中国は東京ドーム170倍の広さの埋め立て工事を、南シナ海の南沙諸島で進めています。恥も外聞もなく、中国外務省自ら岩礁の埋め立て工事を近く完了させると発表し、実効支配が進んでいることをアピールする始末。南シナ海の航行の安全のためだなどとして、埋立地での施設の建設を続けているのです。
 
この南シナ海で起きていることが、沖縄で起きる可能性を感じなければなりません。海洋進出を企てる中国としては、沖縄確保は重要な経過目標なのです。
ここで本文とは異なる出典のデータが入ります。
section \<open>The subfield \<open>F\<^sub>q\<close>\<close>

lemma inj_on_generator_powers:
  fixes \<alpha> :: "'a::{finite,field}"
  assumes "\<alpha> \<noteq> 0" and gen: "\<forall>x. x \<noteq> 0 \<longrightarrow> (\<exists>k. x = \<alpha> ^ k)"
  shows "inj_on (\<lambda>j. \<alpha> ^ j) {..<card (UNIV :: 'a set) - 1}"
proof -
  define N where "N = card (UNIV :: 'a set) - 1"
  have "card (UNIV - {0 :: 'a}) = N"
    by (simp add: N_def card_Diff_singleton)
  have "N > 0"
    using one_less_card_finite_field[where 'a = 'a] by (simp add: N_def)
  have "UNIV - {0} \<subseteq> (\<lambda>j. \<alpha> ^ j) ` {..<N}"
  proof
    fix x :: 'a assume "x \<in> UNIV - {0}"
    then obtain k where "x = \<alpha> ^ k"
      using gen by auto
    also have "\<dots> = (\<alpha> ^ N) ^ (k div N) * \<alpha> ^ (k mod N)"
      by (simp flip: power_mult power_add)
    also have "\<dots> = \<alpha> ^ (k mod N)"
      using finite_field_power_card_minus_one[OF \<open>\<alpha> \<noteq> 0\<close>] by (simp add: N_def)
    finally show "x \<in> (\<lambda>j. \<alpha> ^ j) ` {..<N}"
      using \<open>N > 0\<close> by simp
  qed
  then have "N \<le> card ((\<lambda>j. \<alpha> ^ j) ` {..<N})"
    using \<open>card (UNIV - {0}) = N\<close> by (metis card_mono finite)
  moreover have "card ((\<lambda>j. \<alpha> ^ j) ` {..<N}) \<le> N"
    using card_image_le[of "{..<N}"] by simp
  ultimately have "card ((\<lambda>j. \<alpha> ^ j) ` {..<N}) = card {..<N}"
    by simp
  then show ?thesis
    unfolding N_def by (rule eq_card_imp_inj_on[OF finite_lessThan])
qed

lemma card_Fq:
  fixes \<alpha> :: "'a::{finite,field}"
  assumes "\<alpha> \<noteq> 0" and gen: "\<forall>x. x \<noteq> 0 \<longrightarrow> (\<exists>k. x = \<alpha> ^ k)"
    and "q > 1" and "(q - 1) dvd card (UNIV :: 'a set) - 1"
  shows "card (Fq q :: 'a set) = q"
proof (rule antisym)
  define P :: "'a poly" where "P = Polynomial.monom 1 q + [:0, -1:]"
  have "degree P = q"
    using \<open>q > 1\<close> by (simp add: P_def degree_add_eq_left degree_monom_eq)
  then have "P \<noteq> 0"
    using \<open>q > 1\<close> by auto
  moreover have "Fq q = {x :: 'a. poly P x = 0}"
    by (simp add: Fq_def P_def poly_monom)
  ultimately show "card (Fq q :: 'a set) \<le> q"
    using card_poly_roots_bound[of P] \<open>degree P = q\<close> by simp
next
  define N where "N = card (UNIV :: 'a set) - 1"
  obtain M where NM: "N = (q - 1) * M"
    using assms(4) by (auto simp: N_def)
  have "M > 0"
    using NM one_less_card_finite_field[where 'a = 'a] by (cases "M = 0") (simp_all add: N_def)
  \<comment> \<open>the powers of \<open>\<alpha>\<^sup>M\<close>, an element of order \<open>q - 1\<close>, are \<open>q - 1\<close> nonzero roots of \<open>X\<^sup>q - X\<close>\<close>
  define G where "G = (\<lambda>j. \<alpha> ^ (j * M)) ` {..<q - 1}"
  have "inj_on (\<lambda>j. \<alpha> ^ (j * M)) {..<q - 1}"
  proof (rule inj_onI)
    fix i j assume "i \<in> {..<q - 1}" "j \<in> {..<q - 1}" "\<alpha> ^ (i * M) = \<alpha> ^ (j * M)"
    moreover have "i * M < N" "j * M < N"
      using calculation \<open>M > 0\<close> by (simp_all add: NM)
    ultimately have "i * M = j * M"
      using inj_on_generator_powers[OF assms(1,2)] by (auto simp: N_def dest: inj_onD)
    then show "i = j"
      using \<open>M > 0\<close> by simp
  qed
  then have "card G = q - 1"
    by (simp add: G_def card_image)
  moreover have "G \<subseteq> Fq q - {0}"
  proof
    fix x assume "x \<in> G"
    then obtain j where x: "x = \<alpha> ^ (j * M)"
      by (auto simp: G_def)
    have "x ^ q = x * (\<alpha> ^ N) ^ j"
      using \<open>q > 1\<close> by (simp add: x NM power_Suc[symmetric] flip: power_mult power_add, simp add: algebra_simps)
    then show "x \<in> Fq q - {0}"
      using finite_field_power_card_minus_one[OF \<open>\<alpha> \<noteq> 0\<close>] \<open>\<alpha> \<noteq> 0\<close> by (simp add: Fq_def N_def x)
  qed
  ultimately have "card (insert 0 G) = q"
    using \<open>q > 1\<close> by (subst card_insert_disjoint) auto
  moreover have "insert 0 G \<subseteq> Fq q"
    using \<open>G \<subseteq> Fq q - {0}\<close> \<open>q > 1\<close> by (auto simp: Fq_def)
  ultimately show "q \<le> card (Fq q :: 'a set)"
    by (metis card_mono finite)
qed

lemma Fq_subfield_set:
  assumes "prime CHAR('a::field)" and "q = CHAR('a) ^ k"
  shows "subfield_set (Fq q :: 'a set)"
proof
  have frob: "(x + y) ^ q = x ^ q + y ^ q" for x y :: 'a
    using freshmans_dream'[OF assms] .
  have "q > 0"
    using assms by (simp add: prime_gt_0_nat)
  show "0 \<in> Fq q" "1 \<in> Fq q"
    using \<open>q > 0\<close> by (simp_all add: Fq_def)
  show "x + y \<in> Fq q" if "x \<in> Fq q" "y \<in> Fq q" for x y :: 'a
    using that by (simp add: Fq_def frob)
  show "x * y \<in> Fq q" if "x \<in> Fq q" "y \<in> Fq q" for x y :: 'a
    using that by (simp add: Fq_def power_mult_distrib)
  show "inverse x \<in> Fq q" if "x \<in> Fq q" for x :: 'a
    using that by (simp add: Fq_def power_inverse)
  show "- x \<in> Fq q" if "x \<in> Fq q" for x :: 'a
  proof -
    have "x ^ q + (- x) ^ q = 0"
      using frob[of x "- x", symmetric] \<open>q > 0\<close> by (simp add: power_0_left)
    then show ?thesis
      using that by (simp add: Fq_def eq_neg_iff_add_eq_0 add.commute)
  qed
qed

lemma F_linear_Frobenius:
  assumes "prime CHAR('a::field)" and "q = CHAR('a) ^ k"
  shows "F_linear (Fq q) (\<lambda>z::'a. z ^ q)"
  using freshmans_dream'[OF assms] by (simp add: F_linear_def Fq_def power_mult_distrib)

lemma diff_one_dvd_power_diff_one: "(q - 1) dvd (q ^ n - 1 :: nat)"
proof (cases "q = 0")
  case False
  have "(int q - 1) dvd (int q ^ n - 1)"
    by (simp add: power_diff_1_eq)
  then have "int (q - 1) dvd int (q ^ n - 1)"
    using False by (simp add: of_nat_diff Suc_leI)
  then show ?thesis
    by (simp only: int_dvd_int_iff)
qed (simp add: power_0_left)

lemma subfield_basis_Fq:
  fixes \<alpha> :: "'a::{finite,field}"
  assumes q: "q = CHAR('a) ^ k" "k > 0" and card: "card (UNIV :: 'a set) = q ^ n"
    and "\<alpha> \<noteq> 0" and "\<forall>x. x \<noteq> 0 \<longrightarrow> (\<exists>k. x = \<alpha> ^ k)"
  shows "subfield_basis (Fq q :: 'a set) n (SOME b. is_basis (Fq q :: 'a set) n b)"
proof -
  have "q > 1"
    using q prime_CHAR_finite[where 'a = 'a] by (metis one_less_power prime_gt_1_nat)
  interpret subfield_set "Fq q :: 'a set"
    using Fq_subfield_set[OF prime_CHAR_finite q(1)] .
  have "card (Fq q :: 'a set) = q"
    using card_Fq[OF assms(4,5) \<open>q > 1\<close>] card diff_one_dvd_power_diff_one by simp
  moreover obtain d b where "is_basis (Fq q :: 'a set) d b"
    and "card (UNIV :: 'a set) = card (Fq q :: 'a set) ^ d"
    using exists_basis[OF finite_UNIV] by blast
  ultimately have "is_basis (Fq q :: 'a set) n b"
    using card \<open>q > 1\<close> by auto
  then have "is_basis (Fq q :: 'a set) n (SOME b. is_basis (Fq q :: 'a set) n b)"
    by (rule someI[where P = "is_basis (Fq q :: 'a set) n"])
  then show ?thesis
    by unfold_locales
qed

section \<open>Non-transitivity of \<open>\<Gamma>L\<^sub>1(1, q\<^sup>n)\<close>\<close>

lemma funpow_power_eq: "(\<lambda>z::'a::monoid_mult. z ^ q) ^^ i = (\<lambda>z. z ^ (q ^ i))"
proof (induction i)
  case (Suc i)
  have "x ^ (q ^ Suc i) = (x ^ (q ^ i)) ^ q" for x :: 'a
    by (simp add: mult.commute flip: power_mult)
  with Suc show ?case
    by (simp add: fun_eq_iff)
qed simp

lemma GammaL_normal_form: "g \<in> GammaL \<alpha> q \<Longrightarrow> \<exists>c i. g = (*) c \<circ> (\<lambda>z. z ^ q) ^^ i"
proof (induction rule: GammaL.induct)
  case GammaL_id
  show ?case
    by (intro exI[of _ 1] exI[of _ 0]) auto
next
  case (GammaL_tau f)
  then obtain c i where "f = (*) c \<circ> (\<lambda>z. z ^ q) ^^ i" by blast
  then have "(*) \<alpha> \<circ> f = (*) (\<alpha> * c) \<circ> (\<lambda>z. z ^ q) ^^ i"
    by (simp add: fun_eq_iff mult.assoc)
  then show ?case by blast
next
  case (GammaL_sigma f)
  then obtain c i where "f = (*) c \<circ> (\<lambda>z. z ^ q) ^^ i" by blast
  then have "(\<lambda>z. z ^ q) \<circ> f = (*) (c ^ q) \<circ> (\<lambda>z. z ^ q) ^^ Suc i"
    by (simp add: fun_eq_iff power_mult_distrib)
  then show ?case by blast
qed

theorem lemma3p2:
  fixes \<alpha> :: "'a::{finite, field}" and q n :: nat
  assumes "odd n" and "n > 0"
    and "\<exists>p k. prime p \<and> k > 0 \<and> q = p ^ k" and "odd q"
    and "card (UNIV :: 'a set) = q ^ n"
    and "\<forall>x::'a. x \<noteq> 0 \<longrightarrow> (\<exists>k::nat. x = \<alpha> ^ k)"
  shows "\<not> (\<forall>x y :: 'a. x \<noteq> 0 \<longrightarrow> y \<noteq> 0 \<longrightarrow> (\<exists>g \<in> GammaL1 \<alpha> q n. g x = y))"
proof
  assume transitive: "\<forall>x y :: 'a. x \<noteq> 0 \<longrightarrow> y \<noteq> 0 \<longrightarrow> (\<exists>g \<in> GammaL1 \<alpha> q n. g x = y)"
  obtain p k where "prime p" "k > 0" "q = p ^ k"
    using assms(3) by blast
  then have q: "q = CHAR('a) ^ k"
    using CHAR_eq_prime_of_card_eq_power[where 'a = 'a, of p "k * n"] assms(5) by (simp add: power_mult)
  with \<open>odd q\<close> \<open>k > 0\<close> have "(-1 :: 'a) \<noteq> 1"
    by (intro minus_one_neq_one_if_CHAR_neq_2 prime_CHAR_finite) auto
  obtain m where m: "-1 = \<alpha> ^ m"
    using assms(6) by force
  with \<open>-1 \<noteq> 1\<close> have "\<alpha> \<noteq> 0"
    by (cases m) auto
  interpret subfield_basis "Fq q :: 'a set" n "SOME b. is_basis (Fq q :: 'a set) n b"
    by (rule subfield_basis_Fq[OF q \<open>k > 0\<close> assms(5) \<open>\<alpha> \<noteq> 0\<close> assms(6)])
  have "(\<lambda>z::'a. z ^ q) ^^ n = id"
    by (simp add: funpow_power_eq fun_eq_iff finite_field_power_card flip: assms(5))
  note det_neq_1 = det_wrt_times_comp_funpow_neq_1[OF \<open>odd n\<close> \<open>-1 \<noteq> 1\<close> m
      F_linear_Frobenius[OF prime_CHAR_finite q] this]
  obtain g where g: "g \<in> GammaL1 \<alpha> q n" "g 1 = \<alpha>"
    using transitive[rule_format, of 1 \<alpha>] \<open>\<alpha> \<noteq> 0\<close> by auto
  then obtain c i where "g = (*) c \<circ> (\<lambda>z. z ^ q) ^^ i"
    using GammaL_normal_form unfolding GammaL1_def by blast
  with g det_neq_1 show False
    by (simp add: GammaL1_def lin_det_def funpow_power_eq)
qed

end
戦後、地政学という学問的概念が消され、外国からの侵略という危機意識も消されてしまいました。沖縄という地政学的位置が、日本全体にとって安全保障上いかに重要な位置であるのか、あらゆる国防の手段をそこに投じる必要性の検討。いまこそ、これら課題解決は平和安全法制議論をきっかけに達成されなければなりません。そして、基地負担の軽減だけでなく、全ての日本国民は沖縄に対して、国防の概念からもっと強く感謝する姿勢が必要だと思います。
 
米国に安全保障を委ね自国の力だけで国家、国民生活を護れない。沖縄には感謝ではなく破格の補助金を配るだけ。一部にある市民運動を隠れ蓑にした反社会的行動を排除できずにいる現状などを正し、今私たちは、地政学に基づく「沖縄を中心とした国防」を確立する正念場にあると思います。そして、その議論の場に立たせて頂いている自身の立場に、身も引き締まる思いです。

沖縄は、地政学的にも情報戦的にも、安全保障上、我が国の生命線なのです。